From: [Student name] Date: Re:

This memo is to advise you of features of the Peachtree program that will help your company implement and maintain sound internal control policies and procedures. Also noted are some weaknesses from the viewpoint of internal control. Features that facilitate internal control
The Peachtree program contains a bank reconciliation feature that makes it easier to reconcile the bank account on a regular monthly basis. [See Account Reconciliation under the Tasks menu.] Peachtree provides an extensive password facility in which different levels of access (read only, edit, etc.) can be assigned to different individuals for selected program areas and tasks within the system. This means that one person may be given authority to enter certain types of transactions, but once entered, they can be edited only by someone of higher authority. As ab example, a clerical person may be given the ability to enter sales and accounts receivable transactions, but only an officer of the company would have the ability to grant credit allowances or write off a customer balance [See Users under the Maintain menu] The program provides some protection against inadvertently granting more credit to a customer than the limit that was set for that customer: when entering a sale, a warning is displayed if the sales invoice about to be posted would cause that customers balance to exceed his/her credit limit. Of course, if merchandise is shipped prior to invoice preparation, the warning would be too late, so invoicing needs to take place prior to shipment in order for this feature to be effective. Accounts receivable statements can be produced at any time and as often as needed. The statements can contain customized dunning messages that vary in severity according to the length of time that the balance is overdue.

Aged receivable reports can be printed as often as needed to identify delinquent customers and pursue them for payment. Peachtree provides the ability to manually enter the quantity of items purchased and sold, and assign unit costs to the items that are sold on a FIFO, LIFO or Average basis as selected by the user. It thereby provides a suitable perpetual inventory system for companies that sell a relatively small number of higher priced items.

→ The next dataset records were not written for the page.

theorem mainTheorem1:
  fixes \<Theta> :: "'a::euclidean_space set"
    and \<Theta>s :: "'b::finite \<Rightarrow> 'a set"
    and G :: "('b \<Rightarrow> real) \<Rightarrow> 'a \<Rightarrow> 'a"
    and \<zeta> :: "real \<Rightarrow> real"
    and dt L L\<^sub>\<zeta> K :: real
    and r :: "'a \<Rightarrow> real"
    and un :: "'b \<Rightarrow> real"
    and u :: "nat \<Rightarrow> 'b \<Rightarrow> real"
  assumes "open \<Theta>" and "bounded \<Theta>"
    and "grad_disc_pc \<Theta> \<Theta>s G"
    and "dt > 0"
    and "mono \<zeta>" and "K-lipschitz_on UNIV \<zeta>" and "\<zeta> 0 = 0"
    and "AE x in lborel. \<zeta> differentiable (at x) \<and> 0 \<le> deriv \<zeta> x \<and> deriv \<zeta> x \<le> L\<^sub>\<zeta>"
    and "L \<ge> L\<^sub>\<zeta> / 2"
    and "L2 \<Theta> r"
    and "\<forall>\<phi>. innerL2 \<Theta> (PiD \<Theta>s un) (PiD \<Theta>s \<phi>)
              + dt * innerL2v \<Theta> (G (\<zeta> \<circ> un)) (G \<phi>) = innerL2 \<Theta> r (PiD \<Theta>s \<phi>)"
    and "\<forall>i\<ge>1. \<forall>\<phi>. innerL2 \<Theta> (PiD \<Theta>s (u i)) (PiD \<Theta>s \<phi>)
              + dt * L * innerL2v \<Theta> (G (u i)) (G \<phi>)
            = dt * innerL2v \<Theta> (\<lambda>x. L *\<^sub>R G (u (i - 1)) x - G (\<zeta> \<circ> u (i - 1)) x) (G \<phi>)
              + innerL2 \<Theta> r (PiD \<Theta>s \<phi>)"
  shows "(\<lambda>i. dual_normD \<Theta> \<Theta>s G (\<lambda>x. PiD \<Theta>s (u i) x - PiD \<Theta>s un x)) \<longlonglongrightarrow> 0"
proof -
  have \<Theta>: "\<Theta> \<in> lmeasurable"
    using assms(1,2) by (simp add: lmeasurable_open)
  interpret inner_product_form "\<lambda>v w. innerL2v \<Theta> (G v) (G w)"
    using assms(3) by (rule inner_product_form_gradient)
  have slope: "\<And>a b. a \<le> b \<Longrightarrow> \<zeta> b - \<zeta> a \<le> L\<^sub>\<zeta> * (b - a)"
    using assms(5,6,8) by (rule slope_le_if_ae_deriv_le)
  have "0 \<le> L"
    using slope[of 0 1] monoD[OF assms(5), of 0 1] assms(9) by simp
  show ?thesis
    unfolding PiD_diff dual_normD_PiD[OF assms(3) \<Theta>]
  proof (rule relaxation_dual_error_tendsto_zero
      [where e = "\<lambda>i j. u i j - un j" and d = "\<lambda>i j. \<zeta> (u i j) - \<zeta> (un j)"])
    show "\<bar>L * (u i j - un j) - (\<zeta> (u i j) - \<zeta> (un j))\<bar> \<le> L * \<bar>u i j - un j\<bar>" for i j
      using assms(5) slope assms(9) by (rule abs_relaxation_residual_le)
    show "(\<Sum>j\<in>UNIV. measure lebesgue (\<Theta>s j) * (u (Suc i) j - un j) * \<phi> j)
        + dt * L * innerL2v \<Theta> (G (\<lambda>j. u (Suc i) j - un j)) (G \<phi>)
      = dt * (L * innerL2v \<Theta> (G (\<lambda>j. u i j - un j)) (G \<phi>)
              - innerL2v \<Theta> (G (\<lambda>j. \<zeta> (u i j) - \<zeta> (un j))) (G \<phi>))" for i \<phi>
      using assms(11,12) by (intro relaxation_error_equation[OF assms(3) \<Theta>]) auto
  qed (use \<open>0 \<le> L\<close> assms(4) in auto)
qed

Financial statements can be printed monthly, with gross profit percentage and expense percentages, so that management can question apparent errors or omissions. A separate set of financial statements can show a comparison of this month this year with the same month last year, and year-to-date this year with the comparable period last year. However, this report contains neither percentages nor increase/decrease figures from the prior year. The system accommodates budgetary data and can present a comparison of actual figures with budget figures for the month and year-to-date, but this report lacks percentages and variance figures. However, as with the comparative reports mentioned above, all Peachtree reports can be easily exported to Excel, at which point formulas to calculate percentages and variance figures can be added. With respect to audit trail for the analysis and investigation of account balances, the system provides a detailed general ledger in which transactions for two fiscal years can be listed and traced to the original source documents from which they were entered. When displaying transactions for a particular general ledger account, a zoom cursor is available which enables the user to automatically pull up the journal entry that gave rise to the posting in the ledger.

Internal Control Weaknesses Common to most computer accounting systems is the ability to change or completely erase transaction entries that were recorded previously. Peachtree even permits changes to transactions that were recorded in the prior fiscal year. It is understood that systems are designed this way to accommodate the correction of errors made during the current or prior years. However, by allowing transaction entries to be changed or even erased completely, the system makes it possible to inadvertently or fraudulently eliminate audit trail and impede analysis and audit of account balances. The alternative would be to require the use of prior period adjusting entries in order to correct errors or omissions. Also, no system can prevent the omission of transactions that should have been recorded, or prevent errors in dollar amounts, account numbers, or transaction dates.